Saving and investing early builds wealth. Saving ₹8,000 monthly in mutual funds grows savings and ensures financial security over time.

Real-Life Facts About Financial Trends

According to RBI’s sectoral data on bank credit, personal loans grew by 14.4%, reaching nearly Rs 55.3 lakh crore. Credit to agriculture and allied activities also saw an 18.1% increase, totalling about Rs 21.6 lakh crore.

Many young adults are using loans for big expenses, such as buying cars or going on holidays. Before borrowing, it’s important to understand how to manage your money, especially when taking a personal loan in Hyderabad.

1. Create a Budget

The first step to managing money is budgeting. Have all the income and expenses categorised on a piece of paper.

  • Essentials: Things like rent, food, and utilities.
  • Wants: Things like eating out, entertainment, and shopping.

Use the 50/30/20 rule: spend 50% on essentials, 30% on wants, and save 20% to manage money effectively.

2. Build an Emergency Fund

An emergency fund covers unexpected expenses, like medical bills or job loss. Save 3 to 6 months’ living costs.

For example, if your monthly expenses are ₹20,000, save ₹60,000 to ₹1,20,000 in an emergency fund to avoid relying on loans or credit cards during emergencies.

3. Understand Debt Management

If you owe ₹50,000 on a credit card at 18% and ₹100,000 on a personal loan at 12%, paying off the credit card first saves money by reducing high-interest payments.

Paying off high-interest debts, like credit cards, first saves money by reducing interest, making your overall debt more manageable.

4. Start Investing Early

Investing early helps build wealth. Even small investments grow over time, and the earlier you start, the more they grow.

For example, investing ₹ 5,000 monthly in a mutual fund with a 10% annual return could grow to ₹ 22 lakh in 10 years. Consider using SIPs for automatic monthly investments.

5. Build a Good Credit Score

For example, using a ₹ 20,000 credit card for small purchases and paying off the balance monthly improves your credit score. This can result in a lower interest rate on a ₹ 2 lakh personal loan.

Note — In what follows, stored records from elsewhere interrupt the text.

text \<open>Expansion of the quadratic form of \<open>J\<close> along \<open>u + \<epsilon> w\<close>, for an eigenvector \<open>u\<close> and a
  direction \<open>w \<perp> u\<close>: the term linear in \<open>cnj \<epsilon>\<close> is \<open>\<langle>Ju,w\<rangle> = mu \<langle>u,w\<rangle> = 0\<close>.\<close>
lemma jacobi_form_perturbation:
  assumes u: "u \<in> l2Z" and w: "w \<in> l2Z" and B: "\<And>n. cmod (d n) \<le> B"
    and eig: "jacobi_op d u = (\<lambda>n. mu * u n)" and orth: "l2_inner u w = 0"
  shows "l2_inner (jacobi_op d (\<lambda>n. u n + \<epsilon> * w n)) (\<lambda>n. u n + \<epsilon> * w n)
           = mu * of_real ((l2_norm u)\<^sup>2) + \<epsilon> * l2_inner (jacobi_op d w) u
             + of_real ((cmod \<epsilon>)\<^sup>2) * l2_inner (jacobi_op d w) w"
proof -
  define x where "x = (\<lambda>n. u n + \<epsilon> * w n)"
  have ew: "(\<lambda>n. \<epsilon> * w n) \<in> l2Z" by (rule l2_scale[OF w])
  have xl: "x \<in> l2Z" unfolding x_def by (rule l2_add[OF u ew])
  have Ju: "jacobi_op d u \<in> l2Z" by (rule l2_jacobi[OF u B])
  have Jw: "jacobi_op d w \<in> l2Z" by (rule l2_jacobi[OF w B])
  have Jux: "l2_inner (jacobi_op d u) x = mu * of_real ((l2_norm u)\<^sup>2)"
  proof -
    have "l2_inner (jacobi_op d u) w = 0"
      unfolding eig using inner_scale_left[OF u w, of mu] orth by simp
    then show ?thesis
      unfolding x_def inner_add_right[OF u ew Ju] inner_scale_right[OF w Ju]
      unfolding eig inner_scale_left[OF u u] by (simp add: inner_self)
  qed
  have Jwx: "l2_inner (jacobi_op d w) x
               = l2_inner (jacobi_op d w) u + cnj \<epsilon> * l2_inner (jacobi_op d w) w"
    unfolding x_def by (simp add: inner_add_right[OF u ew Jw] inner_scale_right[OF w Jw])
  have "jacobi_op d x = (\<lambda>n. jacobi_op d u n + \<epsilon> * jacobi_op d w n)"
    unfolding jacobi_op_def x_def by (auto simp: algebra_simps)
  then have "l2_inner (jacobi_op d x) x = l2_inner (jacobi_op d u) x + \<epsilon> * l2_inner (jacobi_op d w) x"
    by (simp add: inner_add_left[OF Ju l2_scale[OF Jw] xl] inner_scale_left[OF Jw xl])
  also have "\<dots> = mu * of_real ((l2_norm u)\<^sup>2) + \<epsilon> * l2_inner (jacobi_op d w) u
             + (\<epsilon> * cnj \<epsilon>) * l2_inner (jacobi_op d w) w"
    unfolding Jux Jwx by (simp add: algebra_simps)
  finally show ?thesis unfolding x_def by (simp flip: complex_norm_square)
qed

text \<open>The Rayleigh quotient at
  \<open>u + \<epsilon> w\<close> equals \<open>mu + (\<epsilon> C + |\<epsilon>|\<^sup>2 a)/(S + |\<epsilon>|\<^sup>2 W)\<close>, which reaches every point of a disc.\<close>
lemma eigenvalue_interior_num_range:
  assumes u: "u \<in> l2Z" "u \<noteq> (\<lambda>_. 0)" and B: "\<And>n. cmod (d n) \<le> B"
    and eig: "jacobi_op d u = (\<lambda>n. mu * u n)"
    and w: "w \<in> l2Z" and orth: "l2_inner u w = 0"
    and C: "l2_inner (jacobi_op d w) u \<noteq> 0"
  shows "mu \<in> interior (num_range d)"
proof -
  define S where "S = (l2_norm u)\<^sup>2"
  define W where "W = (l2_norm w)\<^sup>2"
  define a where "a = l2_inner (jacobi_op d w) w - mu * of_real W"
  define \<rho>0 where "\<rho>0 = cmod (l2_inner (jacobi_op d w) u) / (2 * (cmod a + 1))"
  define \<delta> where "\<delta> = \<rho>0 * cmod (l2_inner (jacobi_op d w) u) / 2 / (S + \<rho>0\<^sup>2 * W)"
  have S: "S > 0" unfolding S_def using l2_norm_pos[OF u] by simp
  have W: "W \<ge> 0" unfolding W_def by simp
  have SW: "S + \<rho>0\<^sup>2 * W > 0" using S W by (simp add: add_pos_nonneg)
  have "\<rho>0 > 0" unfolding \<rho>0_def using C by (intro divide_pos_pos) (auto simp: add_nonneg_pos)
  then have \<delta>: "\<delta> > 0" unfolding \<delta>_def using C SW by simp
  have "ball mu \<delta> \<subseteq> num_range d"
  proof
    fix y assume "y \<in> ball mu \<delta>"
    then have "cmod (y - mu) < \<delta>" by (simp add: dist_norm norm_minus_commute)
    then have "cmod (y - mu) * (S + \<rho>0\<^sup>2 * W) < \<rho>0 * cmod (l2_inner (jacobi_op d w) u) / 2"
      using SW unfolding \<delta>_def by (simp add: pos_less_divide_eq algebra_simps)
    then obtain \<epsilon> where eps: "\<epsilon> * l2_inner (jacobi_op d w) u + of_real ((cmod \<epsilon>)\<^sup>2) * a
                                 = (y - mu) * of_real (S + (cmod \<epsilon>)\<^sup>2 * W)"
      using small_perturbation_equation_solvable[OF C S W] unfolding \<rho>0_def by (meson less_imp_le)
    define x where "x = (\<lambda>n. u n + \<epsilon> * w n)"
    have NS: "S + (cmod \<epsilon>)\<^sup>2 * W > 0" using S W by (simp add: add_pos_nonneg)
    have nx: "(l2_norm x)\<^sup>2 = S + (cmod \<epsilon>)\<^sup>2 * W"
      unfolding x_def S_def W_def by (rule l2_norm_pythagoras[OF u(1) w orth])
    have eq: "l2_inner (jacobi_op d x) x = y * of_real (S + (cmod \<epsilon>)\<^sup>2 * W)"
      unfolding x_def jacobi_form_perturbation[OF u(1) w B eig orth] S_def[symmetric]
      using eps unfolding a_def by (simp add: algebra_simps)
    have "complex_of_real (S + (cmod \<epsilon>)\<^sup>2 * W) \<noteq> 0" using NS by (simp only: of_real_eq_0_iff)
    then have y: "l2_inner (jacobi_op d x) x / of_real ((l2_norm x)\<^sup>2) = y"
      unfolding nx eq by (rule nonzero_mult_div_cancel_right)
    have "x \<in> l2Z" unfolding x_def by (rule l2_add[OF u(1) l2_scale[OF w]])
    moreover have "l2_norm x > 0"
      using nx NS unfolding l2_norm_def by (simp add: infsum_nonneg)
    ultimately show "y \<in> num_range d"
      using rayleigh_quotient_in_num_range[where d=d, OF _ _ B] y by blast
  qed
  then show ?thesis using \<delta> by (auto simp: mem_interior)
qed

A good credit score helps in securing loans with a low interest rate. Proper usage of the credit card and timely payment increase your score.

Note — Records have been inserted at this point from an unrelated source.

lemma centred_abs_moment_le:
  fixes M :: "real measure"
  assumes "prob_space M" "integrable M (\<lambda>t. t)" "integrable M (\<lambda>t. \<bar>t\<bar> ^ n)" "1 \<le> n"
  shows "(\<integral>\<^sup>+ t. ennreal (\<bar>t - (\<integral>s. s \<partial>M)\<bar> ^ n) \<partial>M) \<le> 2 ^ n * (\<integral>\<^sup>+ t. ennreal (\<bar>t\<bar> ^ n) \<partial>M)"
proof -
  interpret prob_space M by fact
  define m where "m = (\<integral>s. s \<partial>M)"
  define E where "E = (\<integral>t. \<bar>t\<bar> ^ n \<partial>M)"
  have E: "(\<integral>\<^sup>+ t. ennreal (\<bar>t\<bar> ^ n) \<partial>M) = ennreal E" "0 \<le> E"
    unfolding E_def using assms(3) by (auto intro: nn_integral_eq_integral)
  have pointwise: "\<bar>t - m\<bar> ^ n \<le> 2 ^ (n - 1) * (\<bar>t\<bar> ^ n + \<bar>m\<bar> ^ n)" for t
  proof -
    have "\<bar>t - m\<bar> ^ n \<le> (\<bar>t\<bar> + \<bar>m\<bar>) ^ n"
      by (rule power_mono) (auto simp: abs_triangle_ineq4)
    also have "\<dots> \<le> 2 ^ (n - 1) * (\<bar>t\<bar> ^ n + \<bar>m\<bar> ^ n)"
      by (rule pow_sum_le) (use assms(4) in auto)
    finally show ?thesis .
  qed
  have int: "integrable M (\<lambda>t. 2 ^ (n - 1) * (\<bar>t\<bar> ^ n + \<bar>m\<bar> ^ n))"
    using assms(3) by auto
  have "(\<integral>\<^sup>+ t. ennreal (\<bar>t - m\<bar> ^ n) \<partial>M) \<le> (\<integral>\<^sup>+ t. ennreal (2 ^ (n - 1) * (\<bar>t\<bar> ^ n + \<bar>m\<bar> ^ n)) \<partial>M)"
    using pointwise by (intro nn_integral_mono ennreal_leI)
  also have "\<dots> = ennreal (2 ^ (n - 1) * (E + \<bar>m\<bar> ^ n))"
    using nn_integral_eq_integral[OF int] assms(3) unfolding E_def by (simp add: prob_space)
  also have "\<dots> \<le> ennreal (2 ^ (n - 1) * (E + E))"
    using abs_mean_pow_le[OF assms(1-3)] unfolding m_def E_def by (intro ennreal_leI) simp
  also have "2 ^ (n - 1) * (E + E) = 2 ^ n * E"
    using assms(4) by (cases n) simp_all
  also have "\<dots> = 2 ^ n * (\<integral>\<^sup>+ t. ennreal (\<bar>t\<bar> ^ n) \<partial>M)"
    using E by (simp add: ennreal_mult flip: ennreal_power)
  finally show ?thesis
    unfolding m_def .
qed

lemma nn_integral_density_le:
  assumes "prob_space M" "g \<in> borel_measurable M" "u \<in> borel_measurable M"
    and "\<And>t. t \<in> space M \<Longrightarrow> 0 \<le> g t" "\<And>t. t \<in> space M \<Longrightarrow> g t * u t \<le> B"
  shows "(\<integral>\<^sup>+ t. ennreal (u t) \<partial>density M (\<lambda>t. ennreal (g t))) \<le> ennreal B"
proof -
  interpret prob_space M by fact
  have "(\<integral>\<^sup>+ t. ennreal (u t) \<partial>density M (\<lambda>t. ennreal (g t))) = (\<integral>\<^sup>+ t. ennreal (g t) * ennreal (u t) \<partial>M)"
    using assms(2,3) by (intro nn_integral_density) auto
  also have "\<dots> \<le> (\<integral>\<^sup>+ t. ennreal B \<partial>M)"
    using assms(4,5) by (intro nn_integral_mono) (simp add: ennreal_mult'[symmetric] ennreal_leI)
  also have "\<dots> = ennreal B"
    by (simp add: emeasure_space_1)
  finally show ?thesis .
qed

lemma std_gauss_pos: "0 < std_gauss t"
  unfolding std_gauss_def by simp

lemma std_gauss_le_1: "std_gauss t \<le> 1"
proof -
  have "exp (- (t^2) / 2) \<le> 1"
    by simp
  moreover have "1 \<le> sqrt (2 * pi)"
    using pi_gt3 by simp
  ultimately have "exp (- (t^2) / 2) \<le> sqrt (2 * pi)"
    by linarith
  then show ?thesis
    unfolding std_gauss_def by simp
qed

text \<open>Gaussian envelope of the likelihood, uniform in the observation: completing the square,
  \<open>-(y - a t)^2/2 \<le> y^2/2 - a^2 t^2/4\<close> because \<open>(2y - a t)^2 \<ge> 0\<close>.\<close>
lemma std_gauss_envelope:
  fixes a y t :: real
  shows "std_gauss (y - a * t) \<le> exp (y^2 / 2) / sqrt (2 * pi) * exp (- (a^2 * t^2) / 4)"
proof -
  have "0 \<le> (2 * y - a * t)^2"
    by simp
  moreover have "(2 * y - a * t)^2 = 4 * y^2 - 4 * (a * t * y) + a^2 * t^2"
    "(y - a * t)^2 = y^2 - 2 * (a * t * y) + a^2 * t^2"
    by (simp_all add: power2_eq_square algebra_simps)
  ultimately have "- ((y - a * t)^2) / 2 \<le> y^2 / 2 + - (a^2 * t^2) / 4"
    by linarith
  then have "exp (- ((y - a * t)^2) / 2) \<le> exp (y^2 / 2) * exp (- (a^2 * t^2) / 4)"
    by (simp flip: exp_add)
  then show ?thesis
    unfolding std_gauss_def by (simp add: divide_right_mono)
qed

lemma inv_sqrt_2pi_le: "1 / sqrt (2 * pi) \<le> sqrt (2 / pi)" "1 / sqrt (2 * pi) \<le> 1"
proof -
  have "1 / sqrt (2 * pi) = sqrt (1 / (2 * pi))"
    by (simp add: real_sqrt_divide)
  also have "\<dots> \<le> sqrt (2 / pi)"
    using pi_gt3 by (intro real_sqrt_le_mono) (simp add: field_simps)
  finally show "1 / sqrt (2 * pi) \<le> sqrt (2 / pi)" .
  show "1 / sqrt (2 * pi) \<le> 1"
    using pi_gt3 by simp
qed

context
  fixes PX :: "real measure" and a y :: real
  assumes prior: "prob_space PX" and prior_sets: "sets PX = sets borel"
begin

interpretation prior: prob_space PX
  by (fact prior)

lemma likelihood_measurable [measurable]: "(\<lambda>t. std_gauss (y - a * t)) \<in> borel_measurable PX"
  unfolding measurable_cong_sets[OF prior_sets refl] std_gauss_def by measurable

lemma likelihood_integrable: "integrable PX (\<lambda>t. std_gauss (y - a * t))"
  by (rule prior.integrable_const_bound[where B = 1])
    (use std_gauss_le_1 std_gauss_pos in \<open>auto simp: less_imp_le\<close>)
lemma mixture_remainder_bounds:
  fixes t r :: real
  assumes "0 \<le> t" "t \<le> 1" "0 \<le> r"
  shows "(sqrt (1 - t + t * r) - 1 - t / 2 * (r - 1))^2 \<le> t^2 * (r - 1)^2 / 4"
    and "(sqrt (1 - t + t * r) - 1 - t / 2 * (r - 1))^2 \<le> t^4 * (r - 1)^4 / 4"
proof -
  define u where "u = t * (r - 1)"
  have "0 \<le> t * r"
    using assms by simp
  moreover have "u = t * r - t"
    by (simp add: u_def right_diff_distrib)
  ultimately have "u \<ge> -1"
    using assms by linarith
  have remainder_eq: "(sqrt (1 - t + t * r) - 1 - t / 2 * (r - 1))^2 = (sqrt (1 + u) - 1 - u / 2)^2"
    by (simp add: u_def algebra_simps)
  have "t^2 * (r - 1)^2 = u^2" and "t^4 * (r - 1)^4 = u^4"
    by (simp_all add: u_def power_mult_distrib)
  with \<open>u \<ge> -1\<close> show "(sqrt (1 - t + t * r) - 1 - t / 2 * (r - 1))^2 \<le> t^2 * (r - 1)^2 / 4"
    and "(sqrt (1 - t + t * r) - 1 - t / 2 * (r - 1))^2 \<le> t^4 * (r - 1)^4 / 4"
    unfolding remainder_eq by (simp_all only: sqrt_one_plus_remainder_bounds)
qed

lemma mixture_remainder_integrable:
  fixes r :: "'a \<Rightarrow> real"
  assumes [measurable]: "r \<in> borel_measurable Q"
    and r_nonneg: "\<And>x. 0 \<le> r x"
    and score_L2: "integrable Q (\<lambda>x. (r x - 1)^2)"
    and "0 \<le> t" "t \<le> 1"
  shows "integrable Q (\<lambda>x. (sqrt (1 - t + t * r x) - 1 - t / 2 * (r x - 1))^2)"
proof (rule Bochner_Integration.integrable_bound)
  show "integrable Q (\<lambda>x. t^2 * (r x - 1)^2 / 4)"
    using score_L2 by simp
  show "AE x in Q. norm ((sqrt (1 - t + t * r x) - 1 - t / 2 * (r x - 1))^2)
      \<le> norm (t^2 * (r x - 1)^2 / 4)"
    using mixture_remainder_bounds(1)[OF assms(4,5) r_nonneg] by simp
qed simp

6. Educate Yourself About Personal Finance

Learning about personal finance through free online resources like “MoneyControl,” “ClearTax,” “The Financial Panther” blog, and podcasts like “The Dave Ramsey Show” boosts your confidence in budgeting, investing, and saving.

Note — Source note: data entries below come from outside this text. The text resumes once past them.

lemma sparse_count_bound:
  "((2 * radius (Suc j) + 2) / short_gap j + 1) * (3 * eps (Suc j)) \<le> 2 ^ (j + 6) / 2 ^ (11 * j + 42)"
proof -
  have "(2 * radius (Suc j) + 2) / short_gap j + 1 \<le> (2 * radius (Suc j) + 2) / short_gap j + 1 / short_gap j"
    using short_gap_le1[of j] short_gap_pos[of j] by (simp add: divide_simps)
  also have "\<dots> = (2 * real j + 7) / short_gap j" by (simp add: radius_def add_divide_distrib[symmetric])
  finally have "((2 * radius (Suc j) + 2) / short_gap j + 1) * (3 * eps (Suc j))
      \<le> (2 * real j + 7) / short_gap j * (3 * eps (Suc j))"
    using eps_pos[of "Suc j"] by (intro mult_right_mono) auto
  also have "\<dots> = 3 * (2 * real j + 7) / (2 ^ (3 * j + 8) * 2 ^ (8 * j + 34))"
  proof -
    have "X / (A * e) * (3 * (e / B)) = 3 * X / (A * B)" if "0 < e" "0 < A" "0 < B" for X A B e :: real
      using that by (simp add: field_simps)
    then show ?thesis using eps_pos[of j] unfolding short_gap_def of_nat_qnum eps_Suc by simp
  qed
  also have "\<dots> = 3 * (2 * real j + 7) / 2 ^ (11 * j + 42)"
    by (simp only: power_add[symmetric]) simp
  also have "\<dots> \<le> 2 ^ (j + 6) / 2 ^ (11 * j + 42)"
  proof -
    have "3 * (2 * real j + 7) \<le> 2 ^ (j + 6)"
      using of_nat_Suc_le_power2[of j] one_le_power[of "2::real" j] by (simp add: power_add)
    then show ?thesis by (simp add: divide_right_mono)
  qed
  finally show ?thesis .
qed

lemma sparse_measure_bound:
  "(2 * (radius (Suc j) + 2) / mesh (Suc j) + 1) * (real (qnum (Suc j)) + 1) *
     ((2 * radius (Suc j) + 2) / short_gap j + 1) * (3 * eps (Suc j)) \<le> 1 / 2 ^ (Suc j + 2)"
proof -
  have q: "real (qnum (Suc j)) + 1 \<le> 2 ^ (3 * Suc j + 9)"
    using one_le_power[of "2::real" "3 * Suc j + 8"] by (simp add: of_nat_qnum power_add)
  have "(2 * (radius (Suc j) + 2) / mesh (Suc j) + 1) * (real (qnum (Suc j)) + 1) *
      (((2 * radius (Suc j) + 2) / short_gap j + 1) * (3 * eps (Suc j)))
      \<le> 2 ^ (2 * Suc j + 6) * 2 ^ (3 * Suc j + 9) * (2 ^ (j + 6) / 2 ^ (11 * j + 42))"
    using radius_ge1[of "Suc j"] mesh_pos[of "Suc j"] short_gap_pos[of j] eps_pos[of "Suc j"]
    by (intro mult_mono grid_count_bound q sparse_count_bound) auto
  also have "\<dots> = 2 ^ (6 * j + 26) / 2 ^ (11 * j + 42)" by (simp flip: power_add)
  also have "\<dots> \<le> 1 / 2 ^ (Suc j + 2)" by (rule divide_power2_le) auto
  finally show ?thesis by (simp only: mult.assoc)
qed

lemma finite_progression_index: "finite (progression_index k)"
  unfolding progression_index_def
  using bounded_scaled_ints(1)[OF short_gap_pos, of "radius k + 1"] radius_ge1[of k] by simp

lemma emeasure_progression_set_le: "emeasure lborel (progression_set k) \<le> ennreal (1 / 2 ^ (k + 2))"
proof -
  have "emeasure lborel (progression_set k) \<le> ennreal (real (card (progression_index k)) * (3 * eps k))"
    unfolding progression_set_def
    by (rule emeasure_UN_intervals_le) (use finite_progression_index eps_pos[of k] in auto)
  also have "\<dots> \<le> ennreal ((2 * (radius k + 1) / short_gap k + 1) * (3 * eps k))"
    using bounded_scaled_ints(2)[OF short_gap_pos, of "radius k + 1" k] radius_ge1[of k] eps_pos[of k]
    by (intro ennreal_leI mult_right_mono) (auto simp: progression_index_def)
  also have "\<dots> \<le> ennreal (1 / 2 ^ (k + 2))" by (intro ennreal_leI progression_measure_bound)
  finally show ?thesis .
qed

lemma sparse_index_0: "sparse_index G 0 = {}"
  by (simp add: sparse_index_def)

lemma sparse_index_Suc:
  "finite (sparse_index G (Suc j)) \<and> real (card (sparse_index G (Suc j))) \<le>
     (2 * (radius (Suc j) + 2) / mesh (Suc j) + 1) * (real (qnum (Suc j)) + 1) *
     ((2 * radius (Suc j) + 2) / short_gap j + 1)"
proof -
  define k where "k = Suc j"
  define near where "near z m = {n. n < block_start k \<and> target_point k z m - radius k - 1 \<le> lam n \<and>
      lam n \<le> (target_point k z m - radius k - 1) + (2 * radius k + 2)}" for z m
  have near_card: "real (card (near z m)) \<le> (2 * radius k + 2) / short_gap j + 1" for z m
    unfolding near_def
    by (rule card_increasing_points_in_interval[OF short_gap_pos])
      (use short_gap_le_gap radius_ge1[of k] in \<open>auto simp: lam_Suc k_def\<close>)
  have near_fin: "finite (near z m)" for z m by (simp add: near_def)
  have eq: "sparse_index G k = Sigma (grid G k) (\<lambda>z. Sigma {..qnum k} (\<lambda>m. near z m))"
    by (auto simp: sparse_index_def near_def)
  have fin: "finite (sparse_index G k)" unfolding eq using finite_grid near_fin by auto
  have "real (card (sparse_index G k)) = (\<Sum>z\<in>grid G k. \<Sum>m\<le>qnum k. real (card (near z m)))"
    unfolding eq using finite_grid near_fin by (simp add: card_SigmaI)
  also have "\<dots> \<le> (\<Sum>z\<in>grid G k. \<Sum>m\<le>qnum k. (2 * radius k + 2) / short_gap j + 1)"
    by (intro sum_mono near_card)
  also have "\<dots> = real (card (grid G k)) *
      ((real (qnum k) + 1) * ((2 * radius k + 2) / short_gap j + 1))"
    by simp
  also have "\<dots> \<le> (2 * (radius k + 2) / mesh k + 1) *
      ((real (qnum k) + 1) * ((2 * radius k + 2) / short_gap j + 1))"
    using card_grid_le[of G k] short_gap_pos[of j] radius_ge1[of k] by (intro mult_right_mono) auto
  finally show ?thesis using fin by (simp add: k_def mult.assoc)
qed

lemma emeasure_sparse_set_le: "emeasure lborel (sparse_set G k) \<le> ennreal (1 / 2 ^ (k + 2))"
proof (cases k)
  case (Suc j)
  have "emeasure lborel (sparse_set G k) \<le> ennreal (real (card (sparse_index G k)) * (3 * eps k))"
    unfolding sparse_set_def split_beta'
    by (rule emeasure_UN_intervals_le) (use sparse_index_Suc[of G j] Suc eps_pos[of k] in auto)
  also have "\<dots> \<le> ennreal ((2 * (radius (Suc j) + 2) / mesh (Suc j) + 1) * (real (qnum (Suc j)) + 1) *
      ((2 * radius (Suc j) + 2) / short_gap j + 1) * (3 * eps (Suc j)))"
    using sparse_index_Suc[of G j] eps_pos[of k] Suc by (intro ennreal_leI mult_right_mono) auto
  also have "\<dots> \<le> ennreal (1 / 2 ^ (k + 2))" using sparse_measure_bound[of j] Suc by (intro ennreal_leI) simp
  finally show ?thesis .
qed (simp add: sparse_set_def sparse_index_0)

lemma exceptional_sets: "exceptional G k \<in> sets lborel"
proof -
  have "finite (sparse_index G k)" by (cases k) (auto simp: sparse_index_0 sparse_index_Suc)
  then show ?thesis unfolding exceptional_def progression_set_def sparse_set_def
    using finite_progression_index by (intro sets.Un sets.finite_UN) auto
qed

lemma emeasure_exceptional_le: "emeasure lborel (exceptional G k) \<le> ennreal (1 / 2 ^ (k + 1))"
proof -
  have "emeasure lborel (exceptional G k)
      \<le> emeasure lborel (progression_set k) + emeasure lborel (sparse_set G k)"
    using exceptional_sets[of G k] unfolding exceptional_def
    by (intro emeasure_subadditive) (auto simp: progression_set_def sparse_set_def)
  also have "\<dots> \<le> ennreal (1 / 2 ^ (k + 2)) + ennreal (1 / 2 ^ (k + 2))"
    by (intro add_mono emeasure_progression_set_le emeasure_sparse_set_le)
  also have "\<dots> = ennreal (1 / 2 ^ (k + 1))" by (simp flip: ennreal_plus add: power_add)
  finally show ?thesis .
qed

lemma null_limsup_exceptional: "limsup (exceptional G) \<in> null_sets lborel"
proof (rule borel_cantelli_limsup1)
  show "exceptional G k \<in> sets lborel" for k by (rule exceptional_sets)
  show "emeasure lborel (exceptional G k) < \<infinity>" for k
    using emeasure_exceptional_le[of G k] by (simp add: le_less_trans)
  have "measure lborel (exceptional G k) \<le> (1 / 2) ^ k" for k
  proof -
    have "measure lborel (exceptional G k) \<le> 1 / 2 ^ (k + 1)"
      using emeasure_exceptional_le[of G k] unfolding measure_def by (intro enn2real_leI) auto
    also have "\<dots> \<le> (1 / 2) ^ k" by (simp add: power_divide frac_le)
    finally show ?thesis .
  qed
  then show "summable (\<lambda>k. measure lborel (exceptional G k))"
    by (intro summable_comparison_test'[OF summable_geometric[of "1 / 2 :: real"], where N = 0]) auto
qed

7. Plan for Retirement Early

Starting to save for retirement early is crucial, even if it seems far off. In India, options like the Employee Provident Fund (EPF) and National Pension System (NPS) allow you to save small amounts monthly. Starting with as little as ₹ 1,000 per month can grow significantly over time.

Example: Using a Personal Loan in Hyderabad Wisely

Let’s say you are thinking of taking a personal loan in Hyderabad for ₹10,00,000 to buy a new car. Here’s what you need to consider:

Loan Amount (₹) Interest Rate (%) Loan Term (Years) Total Repayment (₹)
10,00,000 12% 2 11,20,000

Taking the loan means paying ₹1,20,000 extra in interest over two years. Is the car worth the extra cost, or would it be better to save and buy it later?

Conclusion: Smart Financial Decisions Lead to a Bright Future

Your 20s are the perfect time to develop good financial habits. By budgeting, saving for emergencies, managing debt, investing early, building a strong credit score, and planning for retirement, you’re setting yourself up for future success. Always align loans, like personal loans in Hyderabad, with long-term goals.

Sound small and smart decisions today for securing a future. Just like saving for a phone, early financial planning pays off.